Reputation: 787
I have a simple function for tokenizing words.
import re
def tokenize(string):
return re.split("(\W+)(?<!')",string,re.UNICODE)
In python 2.7 it behaves like this:
In [170]: tokenize('perché.')
Out[170]: ['perch', '\xc3\xa9.', '']
In python 3.5.0 I get this:
In [6]: tokenize('perché.')
Out[6]: ['perché', '.', '']
The problem is that 'é' should not be treated as a character to tokenize. I thoght that re.UNICODE
could be enough to make \W
work in the way I mean?
How to get the same behaviour of python 3.x in python 2.x ?
Upvotes: 1
Views: 402
Reputation: 177610
You'll want to use Unicode strings, but also the third parameter of split
is not flags
, but maxsplit
:
>>> help(re.split)
Help on function split in module re:
split(pattern, string, maxsplit=0, flags=0)

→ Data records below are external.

lemma smpc_m_plan_measure:
  assumes fA: "finite A" and fJ: "finite J" and at: "atoms P = A" and pos: "\<forall>a\<in>A. measure P {a} > 0"
    and b: "inj_on b J" and \<sigma>: "martingale_plan A (\<lambda>a. measure P {a}) J b \<sigma>"
  shows "smpc_m P (card (used_columns A J \<sigma>)) (plan_measure A J b \<sigma>)"
proof -
  define U where "U = used_columns A J \<sigma>"
  define m where "m = card U"
  have "finite U" using fJ by (simp add: U_def used_columns_def)
  then obtain e where e: "bij_betw e {..<m} U"
    using ex_bij_betw_nat_finite by (auto simp: m_def atLeast0LessThan)
  have e_J: "e i \<in> J" if "i < m" for i using e that by (auto simp: bij_betw_def U_def used_columns_def)
  have reindex: "(\<Sum>j\<in>J. \<sigma> a j) = (\<Sum>i<m. \<sigma> a (e i))" if "a \<in> A" for a
  proof -
    have "(\<Sum>j\<in>J. \<sigma> a j) = (\<Sum>j\<in>U. \<sigma> a j)"
      using fJ that by (intro sum.mono_neutral_right) (auto simp: U_def used_columns_def)
    also have "\<dots> = (\<Sum>i<m. \<sigma> a (e i))" using e by (simp add: sum.reindex_bij_betw)
    finally show ?thesis .
  qed
  have atomic: "finite_atomic m (b \<circ> e) (\<lambda>i. \<Sum>a\<in>A. \<sigma> a (e i)) (plan_measure A J b \<sigma>)"
    using e fJ b \<sigma> fA
    by (intro finite_atomic_plan_measure)
      (auto simp: U_def used_columns_martingale_plan martingale_plan_column_nonneg)
  show ?thesis unfolding smpc_m_def at U_def[symmetric] m_def[symmetric]
  proof (rule exI[of _ "b \<circ> e"], rule exI[of _ "\<lambda>i. \<Sum>a\<in>A. \<sigma> a (e i)"],
      rule exI[of _ "\<lambda>a i. \<sigma> a (e i) / measure P {a}"], intro conjI ballI allI impI)
    fix a i assume "a \<in> A" "i < m"
    then show "0 \<le> \<sigma> a (e i) / measure P {a}"
      using \<sigma> e_J by (simp add: martingale_plan_def)
  next
    fix a assume "a \<in> A"
    moreover from this have "measure P {a} \<noteq> 0" using pos by force
    ultimately show "(\<Sum>i<m. \<sigma> a (e i) / measure P {a}) = 1"
      using \<sigma> reindex by (simp add: martingale_plan_def flip: sum_divide_distrib)
  next
    fix i assume "i < m"
    show "(\<Sum>a\<in>A. measure P {a} * (\<sigma> a (e i) / measure P {a})) = (\<Sum>a\<in>A. \<sigma> a (e i))"
      using pos by (intro sum.cong) auto
    have "(\<Sum>a\<in>A. measure P {a} * a * (\<sigma> a (e i) / measure P {a})) = (\<Sum>a\<in>A. \<sigma> a (e i) * (a - 0))"
      using pos by (intro sum.cong) auto
    also have "\<dots> = (\<Sum>a\<in>A. \<sigma> a (e i)) * (b (e i) - 0)"
      by (rule martingale_plan_moment[OF \<sigma> e_J[OF \<open>i < m\<close>]])
    finally show "(\<Sum>a\<in>A. measure P {a} * a * (\<sigma> a (e i) / measure P {a})) =
        (\<Sum>a\<in>A. \<sigma> a (e i)) * (b \<circ> e) i"
      by simp
  qed (rule atomic)
qed

lemma smpc_m_imp_plan:
  assumes at: "atoms P = A" and Q: "smpc_m P m Q"
  shows "\<exists>b \<pi>. inj_on b {..<m} \<and> martingale_plan A (\<lambda>a. measure P {a}) {..<m} b \<pi> \<and>
    Q = plan_measure A {..<m} b \<pi>"
proof -
  obtain b q F where fa: "finite_atomic m b q Q" and F: "\<forall>a\<in>A. \<forall>j<m. F a j \<ge> 0"
    "\<forall>a\<in>A. (\<Sum>j<m. F a j) = 1" and q: "\<forall>j<m. (\<Sum>a\<in>A. measure P {a} * F a j) = q j"
    and qb: "\<forall>j<m. (\<Sum>a\<in>A. measure P {a} * a * F a j) = q j * b j"
    using Q unfolding smpc_m_def at by blast
  define \<pi> where "\<pi> a j = measure P {a} * F a j" for a j
  have "martingale_plan A (\<lambda>a. measure P {a}) {..<m} b \<pi>"
    unfolding martingale_plan_def
  proof (intro conjI ballI)
    fix a j assume "a \<in> A" "j \<in> {..<m}"
    then show "0 \<le> \<pi> a j" using F by (simp add: \<pi>_def)
  next
    fix a assume "a \<in> A"
    then show "(\<Sum>j\<in>{..<m}. \<pi> a j) = measure P {a}" using F by (simp add: \<pi>_def flip: sum_distrib_left)
  next
    fix j assume "j \<in> {..<m}"
    then show "(\<Sum>a\<in>A. \<pi> a j * (a - b j)) = 0"
      using q qb by (simp add: \<pi>_def algebra_simps sum_subtractf flip: sum_distrib_left sum_distrib_right)
  qed
  moreover have "Q = plan_measure A {..<m} b \<pi>"
  proof (rule measure_eqI)
    show "sets Q = sets (plan_measure A {..<m} b \<pi>)" using fa by (simp add: finite_atomic_def)
    fix S assume "S \<in> sets Q"
    then have "S \<in> sets borel" using fa by (simp add: finite_atomic_def)
    then show "emeasure Q S = emeasure (plan_measure A {..<m} b \<pi>) S"
      using fa q by (simp add: finite_atomic_def emeasure_plan_measure \<pi>_def)
  qed
  ultimately show ?thesis using fa by (auto simp: finite_atomic_def)
qed

lemma smpc_m_finite_mixture:
  assumes fA: "finite A" and at: "atoms P = A" and pos: "\<forall>a\<in>A. measure P {a} > 0"
    and "smpc_m P m Q"
  shows "finite_mixture (\<lambda>Q. \<exists>m\<le>card A. smpc_m P m Q) Q"
proof -
  obtain b \<pi> where b: "inj_on b {..<m}" and \<pi>: "martingale_plan A (\<lambda>a. measure P {a}) {..<m} b \<pi>"
    and Q: "Q = plan_measure A {..<m} b \<pi>"
    using smpc_m_imp_plan[OF at \<open>smpc_m P m Q\<close>] by blast
  show ?thesis unfolding Q
    using smpc_m_plan_measure[OF fA _ at pos b] by (intro plan_measure_finite_mixture[OF fA _ \<pi>]) auto
qed

section \<open>Limits of plans\<close>

lemma finite_uniformly_separated:
  fixes Y :: "real set"
  assumes "finite Y"
  shows "\<exists>h>0. \<forall>y\<in>Y. \<forall>y'\<in>Y. y \<noteq> y' \<longrightarrow> 2 * h < \<bar>y - y'\<bar>"
proof -
  define D where "D = (\<lambda>(y, y'). \<bar>y - y'\<bar>) ` {z \<in> Y \<times> Y. fst z \<noteq> snd z}"
  have "finite D" "\<forall>d\<in>D. d > 0" using assms by (auto simp: D_def)
  show ?thesis
  proof (cases "D = {}")
    case True
    then show ?thesis by (intro exI[of _ 1]) (auto simp: D_def)
  next
    case False
    then have "Min D > 0" using \<open>finite D\<close> \<open>\<forall>d\<in>D. d > 0\<close> by simp
    moreover have "Min D \<le> \<bar>y - y'\<bar>" if "y \<in> Y" "y' \<in> Y" "y \<noteq> y'" for y y'
      using that \<open>finite D\<close> unfolding D_def by (intro Min_le) (auto intro!: image_eqI[of _ _ "(y, y')"])
    ultimately show ?thesis by (intro exI[of _ "Min D / 3"]) force
  qed
qed

lemma finite_bounded_sequences_convergent_subseq:
  fixes f :: "nat \<Rightarrow> 'a \<Rightarrow> real"
  assumes "finite S" "\<And>s k. s \<in> S \<Longrightarrow> \<bar>f k s\<bar> \<le> B s"
  shows "\<exists>r. strict_mono r \<and> (\<forall>s\<in>S. convergent (\<lambda>k. f (r k) s))"
  using assms
proof (induction S rule: finite_induct)
  case empty
  show ?case by (intro exI[of _ id]) (simp add: strict_mono_def)
next
  case (insert s S)
  then obtain r where r: "strict_mono r" "\<forall>s\<in>S. convergent (\<lambda>k. f (r k) s)" by auto
  have "bounded (range (\<lambda>k. f (r k) s))"
    using insert.prems by (intro boundedI[of _ "B s"]) auto
  then obtain l r' where r': "strict_mono r'" "((\<lambda>k. f (r k) s) \<circ> r') \<longlonglongrightarrow> l"
    using bounded_imp_convergent_subsequence by blast
  have "convergent (\<lambda>k. f (r (r' k)) t)" if "t \<in> S" for t
    using convergent_subseq_convergent[OF r(2)[rule_format, OF that] r'(1)] by (simp add: o_def)
  moreover have "convergent (\<lambda>k. f (r (r' k)) s)" using r'(2) by (auto simp: convergent_def o_def)
  moreover have "strict_mono (\<lambda>k. r (r' k))" using strict_mono_o[OF r(1) r'(1)] by (simp add: o_def)
  ultimately show ?case by blast
qed

lemma martingale_plan_of_limit:
  fixes \<sigma> :: "nat \<Rightarrow> real \<Rightarrow> real \<Rightarrow> real"
  assumes fA: "finite A" and fY: "finite Y" and sp: "(\<Sum>a\<in>A. p a) = 1" and sr: "(\<Sum>y\<in>Y. r y) = 1"
    and nonneg: "\<And>k a y. a \<in> A \<Longrightarrow> 0 \<le> \<sigma> k a y"
    and rows: "\<And>k a. a \<in> A \<Longrightarrow> (\<Sum>y\<in>Y. \<sigma> k a y) \<le> p a"
    and cols: "\<And>y. y \<in> Y \<Longrightarrow> (\<lambda>k. \<Sum>a\<in>A. \<sigma> k a y) \<longlonglongrightarrow> r y"
    and moments: "\<And>y. y \<in> Y \<Longrightarrow> (\<lambda>k. \<Sum>a\<in>A. \<sigma> k a y * (a - y)) \<longlonglongrightarrow> 0"
  shows "\<exists>\<tau>. martingale_plan A p Y (\<lambda>y. y) \<tau> \<and> (\<forall>y\<in>Y. (\<Sum>a\<in>A. \<tau> a y) = r y)"
proof -
  have bound: "\<bar>\<sigma> k a y\<bar> \<le> p a" if "a \<in> A" "y \<in> Y" for k a y
  proof -
    have "\<sigma> k a y \<le> (\<Sum>y\<in>Y. \<sigma> k a y)" using that fY nonneg by (intro member_le_sum) auto
    then show ?thesis using that nonneg rows[of a k] by auto
  qed
  have "\<exists>s. strict_mono s \<and> (\<forall>x\<in>A \<times> Y. convergent (\<lambda>k. \<sigma> (s k) (fst x) (snd x)))"
    by (rule finite_bounded_sequences_convergent_subseq[where B="\<lambda>x. p (fst x)"])
      (use fA fY bound in auto)
  then obtain s where s: "strict_mono s"
    and conv: "\<forall>x\<in>A \<times> Y. convergent (\<lambda>k. \<sigma> (s k) (fst x) (snd x))"
    by blast
  define \<tau> where "\<tau> a y = lim (\<lambda>k. \<sigma> (s k) a y)" for a y
  have lim: "(\<lambda>k. \<sigma> (s k) a y) \<longlonglongrightarrow> \<tau> a y" if "a \<in> A" "y \<in> Y" for a y
    using conv that unfolding \<tau>_def by (auto simp: convergent_LIMSEQ_iff)
  have subseq: "(\<lambda>k. u (s k)) \<longlonglongrightarrow> l" if "u \<longlonglongrightarrow> l" for u :: "nat \<Rightarrow> real" and l
    using LIMSEQ_subseq_LIMSEQ[OF that s] by (simp add: o_def)
  have \<tau>_nonneg: "\<forall>a\<in>A. \<forall>y\<in>Y. 0 \<le> \<tau> a y"
  proof (intro ballI)
    fix a y assume "a \<in> A" "y \<in> Y"
    then show "0 \<le> \<tau> a y" using nonneg by (intro LIMSEQ_le_const[OF lim]) auto
  qed
  have \<tau>_cols: "\<forall>y\<in>Y. (\<Sum>a\<in>A. \<tau> a y) = r y"
  proof
    fix y assume "y \<in> Y"
    then have "(\<lambda>k. \<Sum>a\<in>A. \<sigma> (s k) a y) \<longlonglongrightarrow> (\<Sum>a\<in>A. \<tau> a y)" using lim by (intro tendsto_sum) auto
    then show "(\<Sum>a\<in>A. \<tau> a y) = r y" using subseq[OF cols[OF \<open>y \<in> Y\<close>]] by (rule LIMSEQ_unique)
  qed
  have \<tau>_moments: "\<forall>y\<in>Y. (\<Sum>a\<in>A. \<tau> a y * (a - y)) = 0"
  proof
    fix y assume "y \<in> Y"
    then have "(\<lambda>k. \<Sum>a\<in>A. \<sigma> (s k) a y * (a - y)) \<longlonglongrightarrow> (\<Sum>a\<in>A. \<tau> a y * (a - y))"
      using lim by (intro tendsto_sum tendsto_mult tendsto_const) auto
    then show "(\<Sum>a\<in>A. \<tau> a y * (a - y)) = 0" using subseq[OF moments[OF \<open>y \<in> Y\<close>]] by (rule LIMSEQ_unique)
  qed
  have \<tau>_rows_le: "(\<Sum>y\<in>Y. \<tau> a y) \<le> p a" if "a \<in> A" for a
  proof -
    have "(\<lambda>k. \<Sum>y\<in>Y. \<sigma> (s k) a y) \<longlonglongrightarrow> (\<Sum>y\<in>Y. \<tau> a y)" using lim that by (intro tendsto_sum) auto
    then show ?thesis using rows[OF that] by (intro LIMSEQ_le_const2) auto
  qed
  \<comment> \<open>no row can lose mass in the limit, since both marginals have total mass 1\<close>
  have "(\<Sum>a\<in>A. \<Sum>y\<in>Y. \<tau> a y) = (\<Sum>y\<in>Y. \<Sum>a\<in>A. \<tau> a y)" by (rule sum.swap)
  also have "\<dots> = (\<Sum>a\<in>A. p a)" using sp sr \<tau>_cols by simp
  finally have "\<forall>a\<in>A. (\<Sum>y\<in>Y. \<tau> a y) = p a"
    using sum_strict_mono_ex1[OF fA, of "\<lambda>a. \<Sum>y\<in>Y. \<tau> a y" p] \<tau>_rows_le by force
  then show ?thesis using \<tau>_nonneg \<tau>_cols \<tau>_moments by (auto simp: martingale_plan_def)
qed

Split the source string by the occurrences of the pattern,
returning a list containing the resulting substrings. If
capturing parentheses are used in pattern, then the text of all
groups in the pattern are also returned as part of the resulting
list. If maxsplit is nonzero, at most maxsplit splits occur,
and the remainder of the string is returned as the final element
of the list.
Example:
#!coding:utf8
from __future__ import print_function
import re
def tokenize(string):
return re.split(r"(\W+)(?<!')",string,flags=re.UNICODE)
print(tokenize(u'perché.'))
Output:
C:\>py -2 test.py
[u'perch\xe9', u'.', u'']
C:\>py -3 test.py
['perché', '.', '']
Upvotes: 2